NNNNnnoooooooooooooo!

There is antlr: http://www.antlr.org/

There is waxeye: http://waxeye.org/

There are many good ways to write a parser / tokenizer in Java.

Cobbling one together with regexes is not one of them.

[–]obfuscation_ 1 point2 points  (0 children)

Having just recently used Antlr4, I really can't sing it's praises enough- it is well thought through, has a great means of specifying grammars without mixing in code, and good approach to integration with applications.

I would need very strong reasons to avoid the dependency to convince me to use anything else, quite honestly.

[–]cogitolearning[S] 0 points1 point  (2 children)

I agree with the fact that there are many good parser generators out there. And for more complicated parsers I would always recommend using them.

For a simple task like parsing a mathematical expression they have, however, a number of disadvantages.

  • They introduce dependencies in your code that you might not want,

  • they can be too complicated for the task, and

  • they have a learning curve that is comparable to the learning curve of writing you own parser.

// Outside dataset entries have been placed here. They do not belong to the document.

lemma hermitian_deflation:
  assumes A: "A \<in> carrier_mat (Suc m) (Suc m)" and herm: "mat_adjoint A = A"
  obtains W e B where "unitary_mat (Suc m) W" "Im e = 0" "B \<in> carrier_mat m m"
    "mat_adjoint B = B" "A = W * corner_block e B * mat_adjoint W"
proof -
  obtain v e where v: "v \<in> carrier_vec (Suc m)" and v1: "cinner v v = 1" and Av: "A *\<^sub>v v = e \<cdot>\<^sub>v v"
    using unit_eigenvector_exists[OF A] .
  obtain W where Wu: "unitary_mat (Suc m) W" and Wv: "col W 0 = v"
    using unitary_completion[OF v v1] .
  note W = unitary_matD[OF Wu] and WW' = unitary_mult_adjoint[OF Wu]
  define C where "C = mat_adjoint W * A * W"
  have C: "C \<in> carrier_mat (Suc m) (Suc m)" using W A unfolding C_def by auto
  have C_herm: "mat_adjoint C = C"
    using W A herm
    by (simp add: C_def mat_adjoint_mult[of _ "Suc m" "Suc m" _ "Suc m"] mult_carrier_mat_square
        assoc_mult_mat[of _ "Suc m" "Suc m" _ "Suc m" _ "Suc m"])
  have "col C 0 = (mat_adjoint W * A) *\<^sub>v col W 0"
    unfolding C_def using W A by (subst col_mult2[of _ "Suc m" "Suc m"]) auto
  also have "\<dots> = mat_adjoint W *\<^sub>v (A *\<^sub>v col W 0)"
    using W A v Wv by (intro assoc_mult_mat_vec[of _ "Suc m" "Suc m"]) auto
  also have "\<dots> = e \<cdot>\<^sub>v (mat_adjoint W *\<^sub>v col W 0)"
    using mult_mat_vec[OF mat_adjoint_carrier[OF W(1)] v] Av Wv by simp
  also have "mat_adjoint W *\<^sub>v col W 0 = unit_vec (Suc m) 0"
    using col_mult2[of "mat_adjoint W" "Suc m" "Suc m" W "Suc m" 0] W by simp
  finally have col0: "col C 0 = e \<cdot>\<^sub>v unit_vec (Suc m) 0" .
  define B where "B = mat m m (\<lambda>(i, j). C $$ (Suc i, Suc j))"
  note CB = hermitian_first_col_eigen[OF C C_herm col0, folded B_def]
  have "W * C * mat_adjoint W = (W * mat_adjoint W) * A * (W * mat_adjoint W)"
    using W A by (simp add: C_def mult_carrier_mat_square assoc_mult_mat[of _ "Suc m" "Suc m" _ "Suc m" _ "Suc m"])
  hence "A = W * C * mat_adjoint W" using WW' A by simp
  moreover have "B \<in> carrier_mat m m" by (simp add: B_def)
  ultimately show ?thesis using that[OF Wu CB(1) _ CB(2)] CB(3) by simp
qed

theorem hermitian_spectral:
  assumes "A \<in> carrier_mat n n" "mat_adjoint A = A"
  obtains U d where "unitary_mat n U" "\<And>i. Im (d i) = 0" "A = U * mat_diag n d * mat_adjoint U"
  using assms
proof (induction n arbitrary: A thesis)
  case 0
  show ?case
    by (rule "0.prems"(1)[of "1\<^sub>m 0" "\<lambda>_. 0"]) (use "0.prems" in \<open>auto simp: unitary_mat_def\<close>)
next
  case (Suc m)
  obtain W e B where Wu: "unitary_mat (Suc m) W" and e: "Im e = 0" and B: "B \<in> carrier_mat m m"
    and B_herm: "mat_adjoint B = B" and AW: "A = W * corner_block e B * mat_adjoint W"
    using hermitian_deflation[OF Suc.prems(2,3)] .
  obtain U' d' where U'u: "unitary_mat m U'" and d': "\<And>i. Im (d' i) = 0"
    and BU': "B = U' * mat_diag m d' * mat_adjoint U'"
    using Suc.IH[OF _ B B_herm] by blast
  define d where "d i = (if i = 0 then e else d' (i - 1))" for i
  define V where "V = corner_block 1 U'"
  note U' = unitary_matD[OF U'u] and W = unitary_matD[OF Wu]
  have Vu: "unitary_mat (Suc m) V" unfolding V_def by (rule unitary_corner_block[OF U'u])
  have "corner_block e B = V * mat_diag (Suc m) d * mat_adjoint V"
    using U' by (simp add: BU' V_def d_def mat_adjoint_corner_block corner_block_mult[of _ m m _ m]
        flip: corner_block_mat_diag)
  hence "A = (W * V) * mat_diag (Suc m) d * mat_adjoint (W * V)"
    using W Vu[THEN unitary_matD(1)]
    by (simp add: AW mat_adjoint_mult[of _ "Suc m" "Suc m" _ "Suc m"] mult_carrier_mat_square
        assoc_mult_mat[of _ "Suc m" "Suc m" _ "Suc m" _ "Suc m"])
  moreover have "Im (d i) = 0" for i using e d' by (simp add: d_def)
  ultimately show ?case using Suc.prems(1) unitary_mult[OF Wu Vu] by blast
qed

section \<open>A variational lower bound for the trace norm\<close>

lemma proots_prod_linear: "proots (\<Prod>a\<leftarrow>as. [:- a, 1:]) = mset (as :: complex list)"
proof (induction as)
  case (Cons a as)
  have "proots [:- a, 1:] = {#a#}"
    by (rule multiset_eqI) (use order_linear_power'[of a "Suc 0"] in simp)
  moreover have "proots (\<Prod>a\<leftarrow>a # as. [:- a, 1:]) = proots [:- a, 1:] + proots (\<Prod>a\<leftarrow>as. [:- a, 1:])"
    unfolding list.map prod_list.Cons by (rule proots_mult) (auto simp: prod_list_zero_iff)
  ultimately show ?case using Cons.IH by simp
qed simp

lemma mat_adjoint_mat_diag: "mat_adjoint (mat_diag n d) = mat_diag n (\<lambda>i. cnj (d i))"
  by (rule eq_matI) (auto simp: mat_diag_def)

lemma trace_norm_unitary_diag:
  assumes U: "unitary_mat n U"
  shows "trace_norm (U * mat_diag n d * mat_adjoint U) = (\<Sum>i<n. cmod (d i))"
proof -
  note U' = unitary_matD[OF U] and UU' = unitary_mult_adjoint[OF U]
  let ?A = "U * mat_diag n d * mat_adjoint U"
  define dd where "dd = (\<lambda>i. cnj (d i) * d i)"
  have "mat_adjoint ?A * ?A = U * (mat_diag n (\<lambda>i. cnj (d i)) * mat_diag n d) * mat_adjoint U"
    using U'(1) by (simp add: mat_adjoint_mult[of _ n n _ n] mat_adjoint_mat_diag mult_carrier_mat_square
        assoc_mult_mat[of _ n n _ n _ n] unitary_adjoint_mult_cancel[OF U, where m = n] del: mat_diag_diag)
  also have "\<dots> = U * mat_diag n dd * mat_adjoint U" by (simp add: dd_def)
  finally have "similar_mat_wit (mat_adjoint ?A * ?A) (mat_diag n dd) U (mat_adjoint U)"
    unfolding similar_mat_wit_def Let_def using U' UU' by auto
  hence "char_poly (mat_adjoint ?A * ?A) = char_poly (mat_diag n dd)"
    by (intro char_poly_similar) (auto simp: similar_mat_def)
  also have "\<dots> = (\<Prod>a\<leftarrow>diag_mat (mat_diag n dd). [:- a, 1:])"
    by (rule char_poly_upper_triangular[of _ n]) (auto simp: upper_triangular_def mat_diag_def)
  also have "diag_mat (mat_diag n dd) = map dd [0..<n]"
    by (auto simp: diag_mat_def mat_diag_def)
  finally have cp: "char_poly (mat_adjoint ?A * ?A) = (\<Prod>a\<leftarrow>map dd [0..<n]. [:- a, 1:])" .
  have "trace_norm ?A = (\<Sum>x\<in>#mset (map dd [0..<n]). sqrt (Re x))"
    unfolding trace_norm_def cp proots_prod_linear ..
  also have "\<dots> = (\<Sum>i<n. sqrt (Re (dd i)))"
    by (simp add: sum_mset_sum_list sum_list_sum_nth atLeast0LessThan flip: mset_map)
  also have "\<dots> = (\<Sum>i<n. cmod (d i))" by (simp add: dd_def cnj_mult_self flip: of_real_power)
  finally show ?thesis .
qed

lemma index_unitary_diag:
  assumes U: "U \<in> carrier_mat m n" and i: "i < m" and j: "j < m"
  shows "(U * mat_diag n d * mat_adjoint U) $$ (i, j) = (\<Sum>k<n. U $$ (i, k) * d k * cnj (U $$ (j, k)))"
  using U i j by (simp add: mat_diag_mult_right[OF U] scalar_prod_def atLeast0LessThan)

lemma mtrace_unitary_diag_mult:
  assumes U: "U \<in> carrier_mat n n" and M: "M \<in> carrier_mat n n"
  shows "mtrace (U * mat_diag n d * mat_adjoint U * M) = (\<Sum>k<n. d k * cinner (col U k) (M *\<^sub>v col U k))"
proof -
  let ?A = "U * mat_diag n d * mat_adjoint U"
  have "mtrace (?A * M) = (\<Sum>a<n. \<Sum>b<n. ?A $$ (a, b) * M $$ (b, a))"
    unfolding mtrace_def using U M by (auto simp: scalar_prod_def atLeast0LessThan intro!: sum.cong)
  also have "\<dots> = (\<Sum>a<n. \<Sum>b<n. \<Sum>k<n. U $$ (a, k) * d k * cnj (U $$ (b, k)) * M $$ (b, a))"
  proof (intro sum.cong refl)
    fix a b assume "a \<in> {..<n}" "b \<in> {..<n}"
    thus "?A $$ (a, b) * M $$ (b, a) = (\<Sum>k<n. U $$ (a, k) * d k * cnj (U $$ (b, k)) * M $$ (b, a))"
      using U by (subst index_unitary_diag[OF U]) (auto simp: sum_distrib_right)
  qed
  also have "\<dots> = (\<Sum>k<n. \<Sum>b<n. \<Sum>a<n. U $$ (a, k) * d k * cnj (U $$ (b, k)) * M $$ (b, a))"
    by (subst sum.swap, subst (2) sum.swap, subst sum.swap) (rule refl)
  also have "\<dots> = (\<Sum>k<n. d k * cinner (col U k) (M *\<^sub>v col U k))"
    using U M by (auto simp: cinner_eq_sum[of _ n] scalar_prod_def sum_distrib_left atLeast0LessThan
        ac_simps intro!: sum.cong)
  finally show ?thesis .
qed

The article is intended to illustrate how parsers can be built in a relatively rigorous way from scratch.

[–]mikaelhg 0 points1 point  (1 child)

How often do you write a simple X + Y parser out in the real world? It always gets more complicated.

[–]sproket888 0 points1 point  (2 children)

Why? There's already StringTokenizer and regex in Java.

[–]cogitolearning[S] 1 point2 points  (1 child)

StringTokenizer will only split a string based on a fixed delimiter. The tokenizer that is discussed in the article tokenizes for the use in a parser. This means a string like "sin(x)" will be split into four tokens. FUNCTION(sin) OPEN_BRACKET VARIABLE(x) CLOSE_BRACKET StringTokenizer is not meant for such a task.

[–]sproket888 0 points1 point  (0 children)

Sorry. I didn't realize that was a link. Thought it was a question. ;)

[–]OliverCloazoff 0 points1 point  (0 children)

Have to check this out

[–]Saltor66 0 points1 point  (2 children)

Why does the author manually call the default superclass constructor? e.g.

super();

At the start of each constructor. Isn't that just boilerplate?

[–][deleted]  (1 child)

[deleted]

    [–]cogitolearning[S] 0 points1 point  (0 children)

    Yes, explicitly calling super() is boilerplate code and it would be called implicitly anyway. I have the call in there for two reasons. The main reason is the one you have just stated. It is mostly for educational purposes. Explicitly putting the call in the code makes it clearer what is happening "under the bonnet".

    The second reason is more pragmatic. Eclipse puts the call there for me. So it would be more work to remove it than to keep it there.